Furtheremore, in response to climate change and the increased concern and interest in healthier dietary choices, alternative food sources, personalized nutrition and functional foods, consumer purchasing behaviors have been changing. Leaving a gap where food safety risk assessment processes are not yet sufficiently developed. 

In hand with the new dietary changes, the incorporation of sustainable choices, while reducing the consumption of animal-based foods, is driving a growing interest in new food sources, such as in edible insects, jellyfish, plant-based alternatives and algae (or macroalgae). However, determining how they impact food safety and consequently consumer health is an ongoing challenge

Another aspect that has attracted attention due to the rapid urbanization and expansion of cities has been food production in urban spaces, making it necessary to know how food is produced, stored, packaged, sold and consumed, to really consider it as an option without risks to human health. Similarly, when exploring the circular economy approach through plastics recycling and food packaging reuse, careful considerations also need to be made, as there is the potential for substances of concern to emerge from non-food materials resulting from the recycling process.   

All these global drivers coupled with the growing awareness of them are not only driving technological innovations and scientific advances but also a rapid expansion of the food sector from new food sources to new production systems, highlighting new food safety challenges that need to be addressed establishing early warning systems, robust monitoring, surveillance measures, standards and therefore adapted regulatory systems to fully exploit the potential of this sector.  

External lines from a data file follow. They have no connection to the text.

lemma diff_count_pts_on_nonzero:
  assumes "d \<in> {1..<N}"
  shows "diff_count N (pts_on \<alpha> q W) d \<noteq> 0"
proof -
  have "\<alpha> ^ d \<noteq> 0" using alpha_nonzero by simp
  then obtain x where x: "x \<noteq> 0" "x \<in> W" "\<alpha> ^ d * x \<in> W"
    by (rule line_meets_scaled_line[OF line card_UNIV q_gt_1])
  obtain k where k: "x = \<alpha> ^ k" using primitive x(1) by (auto simp: primitive_element_def)
  define j where "j = k mod N"
  have j: "j \<in> pts_on \<alpha> q W" using x(2) k mod_in_pts_on_iff by (simp add: j_def)
  have "\<alpha> ^ (k + d) \<in> W" using x(3) k by (simp add: power_add mult.commute)
  then have i: "(j + d) mod N \<in> pts_on \<alpha> q W"
    using mod_in_pts_on_iff by (simp add: j_def mod_add_left_eq)
  have "((j + d) mod N + N - j) mod N = d" using assms by (intro add_mod_diff_mod) (auto simp: j_def)
  define S where "S = {(i, j) \<in> pts_on \<alpha> q W \<times> pts_on \<alpha> q W. (i + N - j) mod N = d}"
  with i j \<open>((j + d) mod N + N - j) mod N = d\<close> have "((j + d) mod N, j) \<in> S" by simp
  moreover have "finite S"
    using pts_on_subset by (intro finite_subset[of S "{..<N} \<times> {..<N}"]) (auto simp: S_def)
  ultimately have "card S \<noteq> 0" by (auto simp: card_eq_0_iff)
  then show ?thesis unfolding diff_count_def S_def .
qed

lemma planar_difference_set_pts_on: "planar_difference_set N (pts_on \<alpha> q W)"
proof (rule planar_difference_setI[OF pts_on_subset])
  show "card (pts_on \<alpha> q W) * card (pts_on \<alpha> q W) = card (pts_on \<alpha> q W) + (N - 1)"
    by (simp add: card_pts_on power2_eq_square algebra_simps)
qed (use diff_count_pts_on_nonzero in blast)

end

theorem proposition6:
  fixes \<alpha> :: "'a::{field, finite}" and W :: "'a set"
    and p h q s t :: nat
  assumes "prime p" and "h \<ge> 1" and "q = p ^ h"
    and "card (UNIV :: 'a set) = q ^ 3"
    and "primitive_element \<alpha>"
    and "is_line q W"
    and "tau p q ` pts_on \<alpha> q W = pts_on \<alpha> q W"
    and "q = s ^ 2"
    and "prime t" and "t dvd q^2 + q + 1"
    and "residue_primroot t p"
  shows "(t dvd q + s + 1 \<or> t dvd q - s + 1) \<and>
    (\<exists>\<epsilon>::int. \<epsilon> \<in> {1, -1} \<and>
      (\<forall>u\<in>{1..t-1}. real (wcount \<alpha> q t W u) = real_of_int (int q + 1 + \<epsilon> * int s) / real t) \<and>
      real (wcount \<alpha> q t W 0) = real_of_int (int q + 1 + \<epsilon> * (1 - int t) * int s) / real t)"
proof -
  have p: "1 < p" using assms(1) by (rule prime_gt_1_nat)
  then have "p ^ 1 \<le> p ^ h" using assms(2) by (intro power_increasing) auto
  then have "1 < q" using p assms(3) by simp
  then interpret singer_line \<alpha> q W using assms(4-6) by unfold_locales
  have tau: "(\<lambda>i. i * p mod N) ` pts_on \<alpha> q W = pts_on \<alpha> q W"
    using assms(7) unfolding tau_def .
  note moments = residue_class_moments[OF planar_difference_set_pts_on tau assms(9,10,11)]
  define w where "w = wcount \<alpha> q t W 1"
  define w0 where "w0 = wcount \<alpha> q t W 0"
  have t: "1 < t" using assms(9) by (rule prime_gt_1_nat)
  have "w0 + (t - 1) * w = q + 1" "w0 ^ 2 + (t - 1) * w ^ 2 = q + 1 + (N div t - 1)"
    using moments(2,3) unfolding w_def w0_def wcount_def card_pts_on .
  from class_sizes_from_moments[OF t assms(10,8) this]
  have "(t dvd q + s + 1 \<or> t dvd q - s + 1) \<and>
    (\<exists>\<epsilon>::int. \<epsilon> \<in> {1, -1} \<and>
      real w = real_of_int (int q + 1 + \<epsilon> * int s) / real t \<and>
      real w0 = real_of_int (int q + 1 + \<epsilon> * (1 - int t) * int s) / real t)" .
  moreover have "wcount \<alpha> q t W u = w" if "u \<in> {1..t-1}" for u
  proof -
    have "u \<in> {1..<t}" using that t by auto
    then show ?thesis using moments(1) unfolding w_def wcount_def by blast
  qed
  ultimately show ?thesis unfolding w0_def by auto
qed
(* Let $m\ge 2$ be fixed, $\gamma=\frac{0.29}{m-1}$, and let $R_1,\dots,R_n$ be i.i.d. random interest profiles as described in the context. Let $N_f$ be the number of indices $i$ such that (1) $\angle(R_i,D)\le\arccos\gamma$, and (2) $\angle(R_i,S)\le 3\pi/8$. Then for every fixed $\nu>0$ there is a constant $c>0$ such that for all sufficiently large $n$, $$\Pr\Big[N_f\ge (1-\nu)\frac{n}{4(m-1)}\Big]\ge 1-e^{-cn}.$$
   Context: Interest profiles are unit vectors in the closed positive orthant of the unit sphere of $\mathbb{R}^m$; $\angle(X,Y)$ is the angle between two profiles, $\cos\angle(X,Y)=\langle X,Y\rangle$. $S=(1,0,\dots,0)$ and $D=(0,1,0,\dots,0)$. Each $R_i$ is drawn independently as follows: the angle $\alpha_i=\angle(S,R_i)$ is uniform on $[0,\pi/2]$, and given $\alpha_i$, $R_i$ is uniform among unit vectors of the positive orthant making angle $\alpha_i$ with $S$. *)

theory Defs
  imports "HOL-Probability.Probability"
begin

text \<open>Interest profiles in R^m are represented as functions nat => real on the
  index set {..<m} (coordinate 0 corresponds to the first coordinate).\<close>

definition inner_m :: "nat \<Rightarrow> (nat \<Rightarrow> real) \<Rightarrow> (nat \<Rightarrow> real) \<Rightarrow> real" where
  "inner_m m x y = (\<Sum>i<m. x i * y i)"

definition angle_m :: "nat \<Rightarrow> (nat \<Rightarrow> real) \<Rightarrow> (nat \<Rightarrow> real) \<Rightarrow> real" where
  "angle_m m x y = arccos (inner_m m x y)"

definition S_vec :: "nat \<Rightarrow> real" where
  "S_vec = (\<lambda>i. if i = 0 then 1 else 0)"

definition D_vec :: "nat \<Rightarrow> real" where
  "D_vec = (\<lambda>i. if i = 1 then 1 else 0)"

Another major challenge is the low level of consumer awareness in Europe, and globally. Consumer awareness of food safety is affected by the availability and accessibility of information, which requires broad resources, timely engagement and effective communication strategies – promoting media literacy early on, providing evidence-based knowledge appropriately, guiding viewers towards trusted sources, among others –. Indeed, this is, an issue that received considerable attention in the SafeConsume International Conference, 27-28 June, which emphasized the urgent need for new food safety communication strategies and transdisciplinary collaborations to help consumers mitigate food risks through behavioral change and improve overall literacy in the area of food safety.